You have probably heard of the Buffet Rule.  Obama included in his deficit reduction plan a proposal that tax laws be changed so that millionaires like Warren Buffett would not be able to pay less in taxes than their secretaries.  He called it the Buffett Rule

Columnist David Brooks of the New York Times and other conservatives were particularly upset charging Obama with repeating a falsehood.  Brooks writes:

He repeated the old half-truth about millionaires not paying as much in taxes as their secretaries. (In reality, the top 10 percent of earners pay nearly 70 percent of all income taxes, according to the I.R.S. People in the richest 1 percent pay 31 percent of their income to the federal government while the average worker pays less than 14 percent, according to the Congressional Budget Office.)


So, who is right Obama or Brooks?  Actually, both.  It all depends upon how the super rich earn their money.  If they earn their money like most Americans through salaries, then they pay a higher effective tax rate that most Americans.  However, if they earn their money primarily through investments, which many do, then their effective tax rate will always be lower than that of Americans whose income comes entirely from earnings (salaries).  The reason is simple.  Income from investments is taxed at a much lower rate than income from earnings. The chart below shows the maximum total individual income and payroll tax rate for 2011 according to the Tax Policy Center.

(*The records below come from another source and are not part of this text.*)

(* Let $n\ge3$, $r>0$ and let $F$ be the chord length distribution function of $\mathcal P_{n,r}$. Then $$F(s)=\Big[\Big(1-\frac{\pi}{n}\cot\frac{\pi}{n}\Big)\csc\frac{\pi}{n}+\frac{\pi}{n}\sec\frac{\pi}{n}\Big]\frac{s}{4r}$$ for $0\le s\le 2r\cos^2\frac{\pi}{2n}$ if $n=3$, and for $0\le s\le 2r\sin\frac{\pi}{n}$ if $n\ge4$.
   Context: $\mathcal P_{n,r}$ denotes the regular polygon with $n$ sides whose circumscribed circle has radius $r$ and centre at the origin, with perimeter $u=2nr\sin(\pi/n)$. Lines are $g(p,\phi)=\{x\cos\phi+y\sin\phi=p\}$, $p\ge0$, $0\le\phi<2\pi$, with the motion-invariant measure $\mu$ given by $dp\,d\phi$. For a line $g$ meeting the polygon, $|\chi(g)|$ is the length of the chord $g\cap\mathcal P_{n,r}$. The chord length distribution function is $F(s)=\frac1u\,\mu(\{g: g\cap\mathcal P_{n,r}\ne\emptyset,\ |\chi(g)|\le s\})$. *)

theory Defs
  imports "HOL-Analysis.Analysis"
begin

text \<open>The regular n-gon inscribed in the circle of radius r centred at the origin,
  as the convex hull of its vertices (a vertex on the positive x-axis; by motion
  invariance the orientation is irrelevant).\<close>
definition reg_polygon :: "nat \<Rightarrow> real \<Rightarrow> (real \<times> real) set" where
  "reg_polygon n r = convex hull
     {(r * cos (2 * pi * real k / real n), r * sin (2 * pi * real k / real n)) | k. k < n}"
lemma gibbs_mass_lower_bound:
  fixes V :: "'a::euclidean_space \<Rightarrow> real"
  assumes "open D" "continuous_on D V" "x\<^sub>0 \<in> D" "V x\<^sub>0 < b"
  obtains v where "0 < v" "\<And>\<theta>. ennreal (v * exp (- b / \<theta>\<^sup>2)) \<le> gibbs_mass V \<theta> D"
proof -
  have "open (D \<inter> V -` {..<b})" using assms by (intro continuous_open_preimage) auto
  moreover have "x\<^sub>0 \<in> D \<inter> V -` {..<b}" using assms by simp
  ultimately obtain \<delta> where \<delta>: "0 < \<delta>" "ball x\<^sub>0 \<delta> \<subseteq> D \<inter> V -` {..<b}"
    by (meson open_contains_ball)
  define v where "v = unit_ball_vol DIM('a) * \<delta> ^ DIM('a)"
  show ?thesis
  proof (rule that)
    show "0 < v" using \<delta> by (simp add: v_def)
    fix \<theta>
    have pointwise: "ennreal (exp (- b / \<theta>\<^sup>2)) * indicator (ball x\<^sub>0 \<delta>) x
        \<le> indicator D x * ennreal (exp (- (1 / \<theta>\<^sup>2) * V x))" for x
    proof (cases "x \<in> ball x\<^sub>0 \<delta>")
      case True
      then have "x \<in> D" "V x \<le> b" using \<delta>(2) by auto
      moreover from \<open>V x \<le> b\<close> have "- b / \<theta>\<^sup>2 \<le> - (1 / \<theta>\<^sup>2) * V x"
        by (simp add: divide_right_mono)
      ultimately show ?thesis using True by (simp add: ennreal_leI)
    qed simp
    have "(\<integral>\<^sup>+ x. ennreal (exp (- b / \<theta>\<^sup>2)) * indicator (ball x\<^sub>0 \<delta>) x \<partial>lborel)
        = ennreal (exp (- b / \<theta>\<^sup>2)) * emeasure lborel (ball x\<^sub>0 \<delta>)"
      by (rule nn_integral_cmult_indicator) simp
    then have "ennreal (v * exp (- b / \<theta>\<^sup>2))
        = (\<integral>\<^sup>+ x. ennreal (exp (- b / \<theta>\<^sup>2)) * indicator (ball x\<^sub>0 \<delta>) x \<partial>lborel)"
      using \<delta> by (simp add: emeasure_ball v_def ennreal_mult mult.commute)
    also have "\<dots> \<le> gibbs_mass V \<theta> D"
      unfolding gibbs_mass_def by (intro nn_integral_mono pointwise)
    finally show "ennreal (v * exp (- b / \<theta>\<^sup>2)) \<le> gibbs_mass V \<theta> D" .
  qed
qed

The truth is that someone like Warren Buffett who gets most, maybe nearly all, of his income from investments very likely actually pays a lower tax rate than his secretary, so Obama is right.  On the other hand, if Warren Buffett got most or all of his income from a salary, like most Americans, then he would very likely pay a higher tax rate than his secretary who probably is salaried.

Those are the facts.  Read more at the link below.















Now, no one, rich or poor, pays the maximum total individual income and payroll tax rate since the tax code is filled with deductions.  However, that’s another story.  Derek Thompson is a senior editor at The Atlantic explains:

To understand why, consider the 76 million people who don't legally owe individual income taxes in 2011 (please, please note: does not include payroll, excise, state and local taxes). The vast majority of this group was poor. They didn't owe individual income taxes because they didn't owe a lot of money to start, and various exemptions, like the earned income tax credit, wiped out the rest.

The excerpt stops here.